*PROBLEM DESCRIPTION:* Word for word, set down every line of the entries below from the line with "1 \<le> - (\<epsilon>" to the line with "fix e :: real", including both, and no other line.

▼

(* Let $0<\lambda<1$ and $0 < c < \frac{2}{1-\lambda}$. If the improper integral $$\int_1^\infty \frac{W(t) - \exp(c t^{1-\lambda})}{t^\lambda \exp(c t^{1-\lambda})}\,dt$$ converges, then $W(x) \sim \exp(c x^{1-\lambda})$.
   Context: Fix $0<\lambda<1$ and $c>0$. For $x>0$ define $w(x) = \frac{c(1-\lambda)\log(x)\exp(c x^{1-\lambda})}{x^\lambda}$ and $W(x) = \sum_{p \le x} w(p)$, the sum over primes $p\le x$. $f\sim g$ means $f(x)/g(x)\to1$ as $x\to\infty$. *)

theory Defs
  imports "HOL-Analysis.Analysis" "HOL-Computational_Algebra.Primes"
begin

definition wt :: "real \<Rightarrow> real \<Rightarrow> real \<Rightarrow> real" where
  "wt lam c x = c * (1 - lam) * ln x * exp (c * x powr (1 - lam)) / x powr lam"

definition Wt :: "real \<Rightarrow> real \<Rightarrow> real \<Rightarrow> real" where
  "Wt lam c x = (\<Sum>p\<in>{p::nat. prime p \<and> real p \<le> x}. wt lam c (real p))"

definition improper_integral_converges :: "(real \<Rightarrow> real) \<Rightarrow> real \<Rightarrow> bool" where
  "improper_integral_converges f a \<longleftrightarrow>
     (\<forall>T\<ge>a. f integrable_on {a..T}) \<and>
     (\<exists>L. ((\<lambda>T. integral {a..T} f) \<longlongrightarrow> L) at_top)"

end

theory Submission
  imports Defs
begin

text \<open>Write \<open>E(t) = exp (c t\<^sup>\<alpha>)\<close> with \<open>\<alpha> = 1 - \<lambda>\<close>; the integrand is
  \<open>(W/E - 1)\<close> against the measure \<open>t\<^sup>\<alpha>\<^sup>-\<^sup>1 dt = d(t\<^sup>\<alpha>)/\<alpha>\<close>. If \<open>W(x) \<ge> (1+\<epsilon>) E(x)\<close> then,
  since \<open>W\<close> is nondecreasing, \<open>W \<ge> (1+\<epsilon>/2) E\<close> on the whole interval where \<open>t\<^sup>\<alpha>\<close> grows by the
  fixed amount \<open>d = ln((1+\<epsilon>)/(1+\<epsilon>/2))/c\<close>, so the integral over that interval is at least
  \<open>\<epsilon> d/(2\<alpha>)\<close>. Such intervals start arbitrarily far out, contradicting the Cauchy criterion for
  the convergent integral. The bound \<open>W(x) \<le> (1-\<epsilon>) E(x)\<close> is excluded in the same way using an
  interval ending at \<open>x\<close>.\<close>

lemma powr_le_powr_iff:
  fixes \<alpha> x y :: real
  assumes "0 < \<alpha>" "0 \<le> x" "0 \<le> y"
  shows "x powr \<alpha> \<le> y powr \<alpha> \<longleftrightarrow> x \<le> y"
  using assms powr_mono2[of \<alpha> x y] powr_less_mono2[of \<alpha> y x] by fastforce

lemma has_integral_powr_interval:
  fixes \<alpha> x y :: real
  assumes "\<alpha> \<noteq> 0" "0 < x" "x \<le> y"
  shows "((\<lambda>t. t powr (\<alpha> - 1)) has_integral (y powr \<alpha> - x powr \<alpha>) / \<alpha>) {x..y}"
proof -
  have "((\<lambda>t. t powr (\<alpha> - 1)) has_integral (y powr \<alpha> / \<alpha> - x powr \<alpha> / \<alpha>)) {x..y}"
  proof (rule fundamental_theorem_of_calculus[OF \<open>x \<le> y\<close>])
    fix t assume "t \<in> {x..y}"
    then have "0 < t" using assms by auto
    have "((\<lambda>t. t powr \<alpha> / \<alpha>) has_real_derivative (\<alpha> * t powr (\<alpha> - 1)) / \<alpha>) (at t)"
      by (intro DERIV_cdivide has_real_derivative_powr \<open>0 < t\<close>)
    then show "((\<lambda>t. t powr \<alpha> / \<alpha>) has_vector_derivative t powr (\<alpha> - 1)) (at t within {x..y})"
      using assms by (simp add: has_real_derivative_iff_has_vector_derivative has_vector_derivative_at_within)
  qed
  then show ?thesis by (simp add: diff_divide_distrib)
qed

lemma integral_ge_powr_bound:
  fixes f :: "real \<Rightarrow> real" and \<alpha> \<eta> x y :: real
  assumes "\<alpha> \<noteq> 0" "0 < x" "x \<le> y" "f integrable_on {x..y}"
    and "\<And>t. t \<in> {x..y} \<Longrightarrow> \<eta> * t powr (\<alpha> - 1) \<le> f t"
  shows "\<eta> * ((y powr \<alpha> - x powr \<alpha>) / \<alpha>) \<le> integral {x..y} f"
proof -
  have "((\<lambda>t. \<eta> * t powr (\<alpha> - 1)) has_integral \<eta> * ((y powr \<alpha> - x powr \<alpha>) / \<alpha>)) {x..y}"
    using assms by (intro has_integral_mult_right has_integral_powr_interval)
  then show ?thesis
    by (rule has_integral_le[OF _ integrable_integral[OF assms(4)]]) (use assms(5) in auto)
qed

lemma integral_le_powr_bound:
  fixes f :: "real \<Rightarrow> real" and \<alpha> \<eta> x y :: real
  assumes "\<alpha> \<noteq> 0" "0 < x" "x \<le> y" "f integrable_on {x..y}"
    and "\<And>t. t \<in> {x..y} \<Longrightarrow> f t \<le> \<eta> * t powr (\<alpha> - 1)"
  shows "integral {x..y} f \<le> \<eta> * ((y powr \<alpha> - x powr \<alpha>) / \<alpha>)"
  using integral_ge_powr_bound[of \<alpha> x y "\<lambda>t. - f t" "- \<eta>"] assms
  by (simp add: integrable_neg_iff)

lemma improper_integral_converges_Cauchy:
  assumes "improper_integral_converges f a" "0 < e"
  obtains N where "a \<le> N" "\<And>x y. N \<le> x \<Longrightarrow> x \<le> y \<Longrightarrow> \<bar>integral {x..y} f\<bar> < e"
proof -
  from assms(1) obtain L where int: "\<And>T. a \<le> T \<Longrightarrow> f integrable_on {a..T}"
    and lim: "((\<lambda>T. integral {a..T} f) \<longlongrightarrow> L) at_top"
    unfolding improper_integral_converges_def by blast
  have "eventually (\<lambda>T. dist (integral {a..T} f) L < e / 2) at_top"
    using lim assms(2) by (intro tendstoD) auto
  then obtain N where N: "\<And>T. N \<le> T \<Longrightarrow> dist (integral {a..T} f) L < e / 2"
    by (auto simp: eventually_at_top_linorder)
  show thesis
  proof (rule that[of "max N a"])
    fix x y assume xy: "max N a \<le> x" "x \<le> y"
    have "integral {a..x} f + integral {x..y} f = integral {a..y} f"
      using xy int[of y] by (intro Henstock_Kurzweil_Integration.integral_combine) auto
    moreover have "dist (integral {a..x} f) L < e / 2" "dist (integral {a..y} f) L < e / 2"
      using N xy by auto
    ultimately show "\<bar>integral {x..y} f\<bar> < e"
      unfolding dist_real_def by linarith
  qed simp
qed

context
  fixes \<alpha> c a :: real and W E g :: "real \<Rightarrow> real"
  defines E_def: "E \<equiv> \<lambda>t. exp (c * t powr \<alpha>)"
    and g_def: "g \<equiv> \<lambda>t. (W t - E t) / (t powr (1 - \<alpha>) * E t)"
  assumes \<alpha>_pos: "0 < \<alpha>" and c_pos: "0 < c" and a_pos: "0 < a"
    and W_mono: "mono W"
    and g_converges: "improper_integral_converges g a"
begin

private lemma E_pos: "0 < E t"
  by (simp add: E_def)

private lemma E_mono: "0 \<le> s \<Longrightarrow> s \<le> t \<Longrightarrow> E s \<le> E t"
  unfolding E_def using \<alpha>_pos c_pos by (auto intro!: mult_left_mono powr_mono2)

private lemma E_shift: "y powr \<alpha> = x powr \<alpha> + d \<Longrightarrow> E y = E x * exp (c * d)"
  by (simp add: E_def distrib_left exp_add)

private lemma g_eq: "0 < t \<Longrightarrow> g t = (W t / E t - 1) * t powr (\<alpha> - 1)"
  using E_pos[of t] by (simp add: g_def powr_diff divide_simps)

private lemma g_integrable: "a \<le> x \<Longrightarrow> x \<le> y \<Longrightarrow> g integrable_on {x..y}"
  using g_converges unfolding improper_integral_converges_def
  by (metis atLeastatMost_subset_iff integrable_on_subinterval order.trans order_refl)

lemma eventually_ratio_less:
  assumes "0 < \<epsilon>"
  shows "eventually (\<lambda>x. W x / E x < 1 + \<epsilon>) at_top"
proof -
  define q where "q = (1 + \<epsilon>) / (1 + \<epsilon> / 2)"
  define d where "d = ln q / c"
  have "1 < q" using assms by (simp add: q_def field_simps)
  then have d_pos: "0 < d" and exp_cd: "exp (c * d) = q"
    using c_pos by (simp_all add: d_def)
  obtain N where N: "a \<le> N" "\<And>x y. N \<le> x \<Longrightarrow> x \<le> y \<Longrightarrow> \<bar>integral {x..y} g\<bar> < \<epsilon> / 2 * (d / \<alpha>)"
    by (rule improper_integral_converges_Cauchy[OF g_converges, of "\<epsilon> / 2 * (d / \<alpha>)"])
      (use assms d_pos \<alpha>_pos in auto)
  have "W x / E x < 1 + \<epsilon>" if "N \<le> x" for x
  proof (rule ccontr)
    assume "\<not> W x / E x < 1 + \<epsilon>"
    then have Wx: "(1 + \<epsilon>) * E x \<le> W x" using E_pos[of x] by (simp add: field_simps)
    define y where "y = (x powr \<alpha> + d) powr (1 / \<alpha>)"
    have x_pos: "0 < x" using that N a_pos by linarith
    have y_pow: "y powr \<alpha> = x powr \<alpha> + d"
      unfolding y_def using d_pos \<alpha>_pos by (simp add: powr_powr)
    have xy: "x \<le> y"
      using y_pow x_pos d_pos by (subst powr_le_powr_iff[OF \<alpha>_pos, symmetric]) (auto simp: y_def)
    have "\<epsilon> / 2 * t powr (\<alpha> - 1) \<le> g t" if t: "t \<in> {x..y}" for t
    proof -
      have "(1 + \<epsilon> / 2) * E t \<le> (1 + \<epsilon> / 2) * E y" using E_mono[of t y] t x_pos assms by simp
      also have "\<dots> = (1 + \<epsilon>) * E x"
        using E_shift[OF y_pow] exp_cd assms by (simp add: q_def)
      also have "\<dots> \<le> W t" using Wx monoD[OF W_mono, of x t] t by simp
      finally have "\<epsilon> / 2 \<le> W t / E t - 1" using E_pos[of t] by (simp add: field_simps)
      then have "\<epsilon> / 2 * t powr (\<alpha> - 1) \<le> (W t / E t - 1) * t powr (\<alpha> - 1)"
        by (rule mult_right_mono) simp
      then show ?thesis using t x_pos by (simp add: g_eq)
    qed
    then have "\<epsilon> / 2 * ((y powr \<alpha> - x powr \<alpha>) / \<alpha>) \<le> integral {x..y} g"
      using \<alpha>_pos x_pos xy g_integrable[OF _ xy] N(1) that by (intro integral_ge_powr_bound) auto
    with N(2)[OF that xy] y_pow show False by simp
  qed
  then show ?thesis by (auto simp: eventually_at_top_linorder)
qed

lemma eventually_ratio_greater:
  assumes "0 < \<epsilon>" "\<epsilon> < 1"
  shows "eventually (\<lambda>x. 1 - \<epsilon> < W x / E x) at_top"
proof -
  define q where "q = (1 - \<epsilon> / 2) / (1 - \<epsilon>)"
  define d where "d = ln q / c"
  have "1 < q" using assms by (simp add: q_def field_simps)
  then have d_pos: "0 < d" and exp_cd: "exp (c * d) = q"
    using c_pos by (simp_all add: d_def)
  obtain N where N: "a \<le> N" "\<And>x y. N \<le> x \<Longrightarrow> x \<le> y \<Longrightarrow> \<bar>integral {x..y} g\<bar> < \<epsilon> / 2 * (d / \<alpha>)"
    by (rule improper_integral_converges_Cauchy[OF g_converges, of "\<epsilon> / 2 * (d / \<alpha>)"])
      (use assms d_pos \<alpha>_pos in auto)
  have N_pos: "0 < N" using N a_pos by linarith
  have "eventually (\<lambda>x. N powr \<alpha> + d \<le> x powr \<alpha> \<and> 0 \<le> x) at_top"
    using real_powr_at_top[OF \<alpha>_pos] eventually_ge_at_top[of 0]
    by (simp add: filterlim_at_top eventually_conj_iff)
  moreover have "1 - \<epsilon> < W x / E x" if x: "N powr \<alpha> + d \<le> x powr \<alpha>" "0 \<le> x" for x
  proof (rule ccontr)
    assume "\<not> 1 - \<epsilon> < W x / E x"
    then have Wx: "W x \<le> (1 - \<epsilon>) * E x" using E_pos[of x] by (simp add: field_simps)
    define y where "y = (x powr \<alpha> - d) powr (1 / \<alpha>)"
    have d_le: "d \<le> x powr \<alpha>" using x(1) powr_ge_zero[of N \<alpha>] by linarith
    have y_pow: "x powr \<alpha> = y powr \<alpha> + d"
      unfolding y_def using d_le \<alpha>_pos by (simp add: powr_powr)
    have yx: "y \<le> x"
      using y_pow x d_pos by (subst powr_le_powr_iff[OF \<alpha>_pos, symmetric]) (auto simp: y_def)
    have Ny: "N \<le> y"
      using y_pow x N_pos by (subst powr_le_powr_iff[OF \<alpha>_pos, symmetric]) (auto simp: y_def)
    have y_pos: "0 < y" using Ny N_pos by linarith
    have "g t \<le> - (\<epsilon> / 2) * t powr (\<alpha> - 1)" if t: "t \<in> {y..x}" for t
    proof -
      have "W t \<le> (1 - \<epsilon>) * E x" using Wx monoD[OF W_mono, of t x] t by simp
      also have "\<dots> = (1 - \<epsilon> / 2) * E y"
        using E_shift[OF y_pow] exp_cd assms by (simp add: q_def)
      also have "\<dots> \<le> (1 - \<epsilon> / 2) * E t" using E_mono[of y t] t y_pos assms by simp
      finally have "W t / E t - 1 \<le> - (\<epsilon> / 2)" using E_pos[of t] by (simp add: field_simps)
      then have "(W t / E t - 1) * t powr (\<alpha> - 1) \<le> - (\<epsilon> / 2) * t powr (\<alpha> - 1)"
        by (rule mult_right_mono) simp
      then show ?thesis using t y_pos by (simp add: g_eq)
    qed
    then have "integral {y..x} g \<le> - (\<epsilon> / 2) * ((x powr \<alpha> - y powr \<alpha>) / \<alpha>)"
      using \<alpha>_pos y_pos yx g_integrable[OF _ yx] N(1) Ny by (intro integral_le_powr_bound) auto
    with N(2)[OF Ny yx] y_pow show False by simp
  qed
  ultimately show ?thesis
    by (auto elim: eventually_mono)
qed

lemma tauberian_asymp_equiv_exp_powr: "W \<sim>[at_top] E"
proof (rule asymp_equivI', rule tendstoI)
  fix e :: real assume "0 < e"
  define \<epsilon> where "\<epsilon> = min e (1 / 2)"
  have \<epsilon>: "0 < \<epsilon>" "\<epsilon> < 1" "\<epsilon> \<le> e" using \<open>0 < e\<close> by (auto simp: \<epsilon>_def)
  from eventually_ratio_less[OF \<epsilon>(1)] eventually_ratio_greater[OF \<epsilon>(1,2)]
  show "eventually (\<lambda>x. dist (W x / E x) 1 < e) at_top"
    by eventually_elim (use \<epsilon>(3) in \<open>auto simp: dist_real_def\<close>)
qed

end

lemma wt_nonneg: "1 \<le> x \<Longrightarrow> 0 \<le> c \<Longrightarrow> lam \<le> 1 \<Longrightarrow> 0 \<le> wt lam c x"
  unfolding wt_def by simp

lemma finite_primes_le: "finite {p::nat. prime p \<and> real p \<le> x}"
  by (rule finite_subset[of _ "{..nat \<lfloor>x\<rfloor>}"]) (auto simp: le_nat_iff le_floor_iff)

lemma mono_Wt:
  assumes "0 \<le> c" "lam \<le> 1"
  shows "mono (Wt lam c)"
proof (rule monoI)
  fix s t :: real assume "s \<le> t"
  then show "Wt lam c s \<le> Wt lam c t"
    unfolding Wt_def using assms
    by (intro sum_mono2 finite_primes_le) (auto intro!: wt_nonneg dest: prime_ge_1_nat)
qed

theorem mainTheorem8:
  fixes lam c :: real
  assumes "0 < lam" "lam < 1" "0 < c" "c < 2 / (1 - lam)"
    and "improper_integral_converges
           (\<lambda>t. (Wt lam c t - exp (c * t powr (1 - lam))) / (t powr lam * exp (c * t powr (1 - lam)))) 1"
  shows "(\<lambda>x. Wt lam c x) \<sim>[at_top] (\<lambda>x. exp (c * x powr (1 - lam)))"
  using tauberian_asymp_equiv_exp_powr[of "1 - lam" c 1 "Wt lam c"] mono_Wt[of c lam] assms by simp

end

▲

*SOLUTION TO THIS EXERCISE:*
      finally have "W t / E t - 1 \<le> - (\<epsilon> / 2)" using E_pos[of t] by (simp add: field_simps)
      then have "(W t / E t - 1) * t powr (\<alpha> - 1) \<le> - (\<epsilon> / 2) * t powr (\<alpha> - 1)"
        by (rule mult_right_mono) simp
      then show ?thesis using t y_pos by (simp add: g_eq)
    qed
    then have "integral {y..x} g \<le> - (\<epsilon> / 2) * ((x powr \<alpha> - y powr \<alpha>) / \<alpha>)"
      using \<alpha>_pos y_pos yx g_integrable[OF _ yx] N(1) Ny by (intro integral_le_powr_bound) auto
    with N(2)[OF Ny yx] y_pow show False by simp
  qed
  ultimately show ?thesis
    by (auto elim: eventually_mono)
qed

lemma tauberian_asymp_equiv_exp_powr: "W \<sim>[at_top] E"
proof (rule asymp_equivI', rule tendstoI)
  fix e :: real assume "0 < e"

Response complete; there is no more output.